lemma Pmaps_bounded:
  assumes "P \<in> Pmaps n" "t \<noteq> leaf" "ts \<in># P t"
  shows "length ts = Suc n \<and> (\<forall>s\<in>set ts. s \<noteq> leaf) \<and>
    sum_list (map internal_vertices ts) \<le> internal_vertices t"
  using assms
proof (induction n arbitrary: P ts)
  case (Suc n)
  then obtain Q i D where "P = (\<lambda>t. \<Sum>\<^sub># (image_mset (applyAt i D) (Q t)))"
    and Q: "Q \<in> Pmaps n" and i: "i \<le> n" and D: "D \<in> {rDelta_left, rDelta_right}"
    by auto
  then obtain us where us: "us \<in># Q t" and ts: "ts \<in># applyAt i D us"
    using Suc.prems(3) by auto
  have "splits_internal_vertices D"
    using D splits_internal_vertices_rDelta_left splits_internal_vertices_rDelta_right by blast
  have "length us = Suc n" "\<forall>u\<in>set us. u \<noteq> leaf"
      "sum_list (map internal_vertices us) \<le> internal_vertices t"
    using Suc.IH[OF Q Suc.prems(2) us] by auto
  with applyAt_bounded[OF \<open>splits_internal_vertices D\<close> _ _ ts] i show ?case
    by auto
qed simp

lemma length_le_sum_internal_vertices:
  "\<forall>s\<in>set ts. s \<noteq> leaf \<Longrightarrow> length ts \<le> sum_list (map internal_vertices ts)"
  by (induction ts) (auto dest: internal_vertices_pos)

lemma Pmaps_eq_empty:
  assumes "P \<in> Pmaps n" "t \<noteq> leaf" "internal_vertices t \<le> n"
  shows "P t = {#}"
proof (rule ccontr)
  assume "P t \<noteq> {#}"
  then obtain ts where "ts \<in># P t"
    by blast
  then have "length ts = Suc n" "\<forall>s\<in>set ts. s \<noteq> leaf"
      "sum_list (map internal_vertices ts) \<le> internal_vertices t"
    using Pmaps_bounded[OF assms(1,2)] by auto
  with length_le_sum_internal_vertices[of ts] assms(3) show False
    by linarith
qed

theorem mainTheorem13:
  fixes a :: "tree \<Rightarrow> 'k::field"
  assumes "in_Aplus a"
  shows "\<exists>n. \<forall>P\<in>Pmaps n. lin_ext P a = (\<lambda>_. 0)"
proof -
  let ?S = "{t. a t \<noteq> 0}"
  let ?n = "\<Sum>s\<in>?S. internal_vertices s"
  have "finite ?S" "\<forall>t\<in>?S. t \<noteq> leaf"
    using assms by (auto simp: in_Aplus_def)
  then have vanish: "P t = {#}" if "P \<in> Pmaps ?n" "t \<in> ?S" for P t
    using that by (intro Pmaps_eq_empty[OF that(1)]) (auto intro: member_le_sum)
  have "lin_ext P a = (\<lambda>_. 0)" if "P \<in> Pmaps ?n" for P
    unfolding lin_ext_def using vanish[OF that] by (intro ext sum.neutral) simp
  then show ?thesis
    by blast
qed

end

-=-=-=-=-

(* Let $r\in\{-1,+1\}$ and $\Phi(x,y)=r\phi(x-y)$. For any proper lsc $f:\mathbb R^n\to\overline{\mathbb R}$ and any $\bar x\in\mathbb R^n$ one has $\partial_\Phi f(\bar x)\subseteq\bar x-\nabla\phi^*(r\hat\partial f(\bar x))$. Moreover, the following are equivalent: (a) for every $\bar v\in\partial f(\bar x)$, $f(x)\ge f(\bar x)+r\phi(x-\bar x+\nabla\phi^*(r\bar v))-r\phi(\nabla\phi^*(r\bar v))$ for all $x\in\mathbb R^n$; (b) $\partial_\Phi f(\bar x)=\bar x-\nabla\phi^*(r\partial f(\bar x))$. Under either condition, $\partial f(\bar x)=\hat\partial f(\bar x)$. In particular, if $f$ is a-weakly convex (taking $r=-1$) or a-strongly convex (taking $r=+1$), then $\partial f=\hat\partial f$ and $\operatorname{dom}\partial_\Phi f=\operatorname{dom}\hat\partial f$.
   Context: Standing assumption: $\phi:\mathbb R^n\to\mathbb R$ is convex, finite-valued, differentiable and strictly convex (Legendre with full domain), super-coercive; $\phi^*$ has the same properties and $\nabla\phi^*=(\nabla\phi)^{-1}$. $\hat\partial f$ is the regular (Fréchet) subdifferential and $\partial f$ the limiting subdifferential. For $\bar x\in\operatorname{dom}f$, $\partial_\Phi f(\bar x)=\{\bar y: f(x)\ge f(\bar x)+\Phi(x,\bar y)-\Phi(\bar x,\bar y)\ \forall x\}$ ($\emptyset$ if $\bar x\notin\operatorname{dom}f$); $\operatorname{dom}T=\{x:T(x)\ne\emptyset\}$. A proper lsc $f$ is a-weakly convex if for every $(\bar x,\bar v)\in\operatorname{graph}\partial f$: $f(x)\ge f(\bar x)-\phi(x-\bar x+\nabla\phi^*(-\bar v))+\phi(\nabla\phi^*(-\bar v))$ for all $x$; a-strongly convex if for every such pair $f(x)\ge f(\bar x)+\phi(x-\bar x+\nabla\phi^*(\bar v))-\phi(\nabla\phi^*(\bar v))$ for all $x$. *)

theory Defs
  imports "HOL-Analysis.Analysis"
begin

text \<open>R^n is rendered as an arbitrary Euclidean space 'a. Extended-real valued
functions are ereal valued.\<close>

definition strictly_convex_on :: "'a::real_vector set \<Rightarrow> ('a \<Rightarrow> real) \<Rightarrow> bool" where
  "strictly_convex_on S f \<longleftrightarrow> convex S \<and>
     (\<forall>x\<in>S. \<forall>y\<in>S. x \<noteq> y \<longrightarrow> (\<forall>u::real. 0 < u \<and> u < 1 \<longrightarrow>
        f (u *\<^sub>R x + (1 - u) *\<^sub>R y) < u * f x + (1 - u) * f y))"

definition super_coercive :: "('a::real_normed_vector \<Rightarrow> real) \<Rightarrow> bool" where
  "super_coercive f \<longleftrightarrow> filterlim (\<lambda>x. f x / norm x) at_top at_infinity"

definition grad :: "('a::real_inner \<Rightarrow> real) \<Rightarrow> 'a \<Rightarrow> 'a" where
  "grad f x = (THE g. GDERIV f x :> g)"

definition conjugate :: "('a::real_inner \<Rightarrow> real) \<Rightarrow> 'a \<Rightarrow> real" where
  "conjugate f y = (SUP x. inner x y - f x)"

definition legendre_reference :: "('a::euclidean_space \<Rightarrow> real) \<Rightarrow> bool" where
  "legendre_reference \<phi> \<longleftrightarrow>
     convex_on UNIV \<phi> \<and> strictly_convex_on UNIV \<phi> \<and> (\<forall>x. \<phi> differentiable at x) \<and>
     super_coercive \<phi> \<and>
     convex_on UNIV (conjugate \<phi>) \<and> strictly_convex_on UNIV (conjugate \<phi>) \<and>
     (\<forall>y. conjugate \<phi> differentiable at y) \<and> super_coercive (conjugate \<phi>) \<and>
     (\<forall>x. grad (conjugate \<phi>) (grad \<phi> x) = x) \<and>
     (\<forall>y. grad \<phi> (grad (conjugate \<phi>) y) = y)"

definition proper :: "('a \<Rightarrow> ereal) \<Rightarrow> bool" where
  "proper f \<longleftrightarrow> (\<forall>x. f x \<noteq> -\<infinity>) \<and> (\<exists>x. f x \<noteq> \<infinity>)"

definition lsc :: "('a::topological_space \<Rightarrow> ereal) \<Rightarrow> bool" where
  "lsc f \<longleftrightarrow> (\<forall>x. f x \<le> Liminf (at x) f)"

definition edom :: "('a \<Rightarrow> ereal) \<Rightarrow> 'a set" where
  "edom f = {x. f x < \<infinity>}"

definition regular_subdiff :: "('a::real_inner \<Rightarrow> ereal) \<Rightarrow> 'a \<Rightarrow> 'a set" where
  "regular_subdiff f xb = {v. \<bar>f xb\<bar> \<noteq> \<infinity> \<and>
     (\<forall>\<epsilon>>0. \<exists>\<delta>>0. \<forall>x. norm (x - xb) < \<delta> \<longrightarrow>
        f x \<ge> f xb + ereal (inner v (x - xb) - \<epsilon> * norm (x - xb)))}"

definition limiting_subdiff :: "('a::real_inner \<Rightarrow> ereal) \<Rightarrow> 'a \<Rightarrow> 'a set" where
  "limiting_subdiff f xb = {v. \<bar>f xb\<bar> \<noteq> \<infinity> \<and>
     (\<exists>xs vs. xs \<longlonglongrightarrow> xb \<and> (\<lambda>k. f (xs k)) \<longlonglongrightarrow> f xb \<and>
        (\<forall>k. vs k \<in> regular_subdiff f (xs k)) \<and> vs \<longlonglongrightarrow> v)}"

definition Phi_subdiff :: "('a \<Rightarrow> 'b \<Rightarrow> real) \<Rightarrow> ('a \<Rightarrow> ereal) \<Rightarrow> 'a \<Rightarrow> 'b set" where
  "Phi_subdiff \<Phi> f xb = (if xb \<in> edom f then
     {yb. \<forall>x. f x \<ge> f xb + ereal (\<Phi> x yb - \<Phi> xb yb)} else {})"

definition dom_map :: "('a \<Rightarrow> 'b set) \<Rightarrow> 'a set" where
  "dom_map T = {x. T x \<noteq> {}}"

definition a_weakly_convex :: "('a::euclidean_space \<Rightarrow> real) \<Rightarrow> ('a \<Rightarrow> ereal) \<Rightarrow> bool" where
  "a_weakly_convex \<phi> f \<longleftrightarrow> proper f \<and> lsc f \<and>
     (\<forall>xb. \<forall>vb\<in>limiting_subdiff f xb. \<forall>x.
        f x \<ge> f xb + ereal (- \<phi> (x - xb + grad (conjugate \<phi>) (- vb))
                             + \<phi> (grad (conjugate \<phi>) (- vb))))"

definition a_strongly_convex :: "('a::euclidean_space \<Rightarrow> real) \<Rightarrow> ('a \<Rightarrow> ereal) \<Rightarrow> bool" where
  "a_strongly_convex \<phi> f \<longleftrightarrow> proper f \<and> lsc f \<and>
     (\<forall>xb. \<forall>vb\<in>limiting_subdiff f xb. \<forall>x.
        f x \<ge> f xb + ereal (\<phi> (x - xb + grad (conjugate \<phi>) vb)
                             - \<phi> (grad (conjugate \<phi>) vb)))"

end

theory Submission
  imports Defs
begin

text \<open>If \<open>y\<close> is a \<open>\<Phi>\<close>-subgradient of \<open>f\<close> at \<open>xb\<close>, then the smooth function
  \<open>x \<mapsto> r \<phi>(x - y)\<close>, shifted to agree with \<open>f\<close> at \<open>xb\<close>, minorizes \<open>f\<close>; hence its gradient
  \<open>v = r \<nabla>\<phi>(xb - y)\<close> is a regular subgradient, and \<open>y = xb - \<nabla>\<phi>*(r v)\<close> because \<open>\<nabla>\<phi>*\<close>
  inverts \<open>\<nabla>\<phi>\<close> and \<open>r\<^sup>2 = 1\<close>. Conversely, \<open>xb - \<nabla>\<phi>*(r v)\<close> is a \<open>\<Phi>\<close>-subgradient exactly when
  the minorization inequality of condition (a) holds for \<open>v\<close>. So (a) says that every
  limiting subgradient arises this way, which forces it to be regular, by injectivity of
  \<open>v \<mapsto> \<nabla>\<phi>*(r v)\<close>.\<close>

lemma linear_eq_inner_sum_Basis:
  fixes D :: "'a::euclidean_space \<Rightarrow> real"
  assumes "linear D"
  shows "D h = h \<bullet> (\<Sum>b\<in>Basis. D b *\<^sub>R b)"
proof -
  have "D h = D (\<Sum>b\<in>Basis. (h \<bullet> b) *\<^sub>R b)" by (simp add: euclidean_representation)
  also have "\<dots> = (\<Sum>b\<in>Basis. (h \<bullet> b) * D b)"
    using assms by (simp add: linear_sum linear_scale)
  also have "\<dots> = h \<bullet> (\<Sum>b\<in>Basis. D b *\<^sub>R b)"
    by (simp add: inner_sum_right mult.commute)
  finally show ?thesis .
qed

-=-=-=-=-

### [WHAT IS NEEDED]
Out of the data above, transcribe exactly and only the lines starting with the line that has "edom f then" and going on through the line that has "v)\<close> because \<open>\<nabla>\<phi>*\<close>", both included.

### [EXERCISE OUTPUT]
  "Phi_subdiff \<Phi> f xb = (if xb \<in> edom f then
     {yb. \<forall>x. f x \<ge> f xb + ereal (\<Phi> x yb - \<Phi> xb yb)} else {})"

definition dom_map :: "('a \<Rightarrow> 'b set) \<Rightarrow> 'a set" where
  "dom_map T = {x. T x \<noteq> {}}"

definition a_weakly_convex :: "('a::euclidean_space \<Rightarrow> real) \<Rightarrow> ('a \<Rightarrow> ereal) \<Rightarrow> bool" where
  "a_weakly_convex \<phi> f \<longleftrightarrow> proper f \<and> lsc f \<and>
     (\<forall>xb. \<forall>vb\<in>limiting_subdiff f xb. \<forall>x.
        f x \<ge> f xb + ereal (- \<phi> (x - xb + grad (conjugate \<phi>) (- vb))
                             + \<phi> (grad (conjugate \<phi>) (- vb))))"

definition a_strongly_convex :: "('a::euclidean_space \<Rightarrow> real) \<Rightarrow> ('a \<Rightarrow> ereal) \<Rightarrow> bool" where
  "a_strongly_convex \<phi> f \<longleftrightarrow> proper f \<and> lsc f \<and>
     (\<forall>xb. \<forall>vb\<in>limiting_subdiff f xb. \<forall>x.
        f x \<ge> f xb + ereal (\<phi> (x - xb + grad (conjugate \<phi>) vb)
                             - \<phi> (grad (conjugate \<phi>) vb)))"

end

theory Submission
  imports Defs
begin

text \<open>If \<open>y\<close> is a \<open>\<Phi>\<close>-subgradient of \<open>f\<close> at \<open>xb\<close>, then the smooth function
  \<open>x \<mapsto> r \<phi>(x - y)\<close>, shifted to agree with \<open>f\<close> at \<open>xb\<close>, minorizes \<open>f\<close>; hence its gradient
  \<open>v = r \<nabla>\<phi>(xb - y)\<close> is a regular subgradient, and \<open>y = xb - \<nabla>\<phi>*(r v)\<close> because \<open>\<nabla>\<phi>*\<close>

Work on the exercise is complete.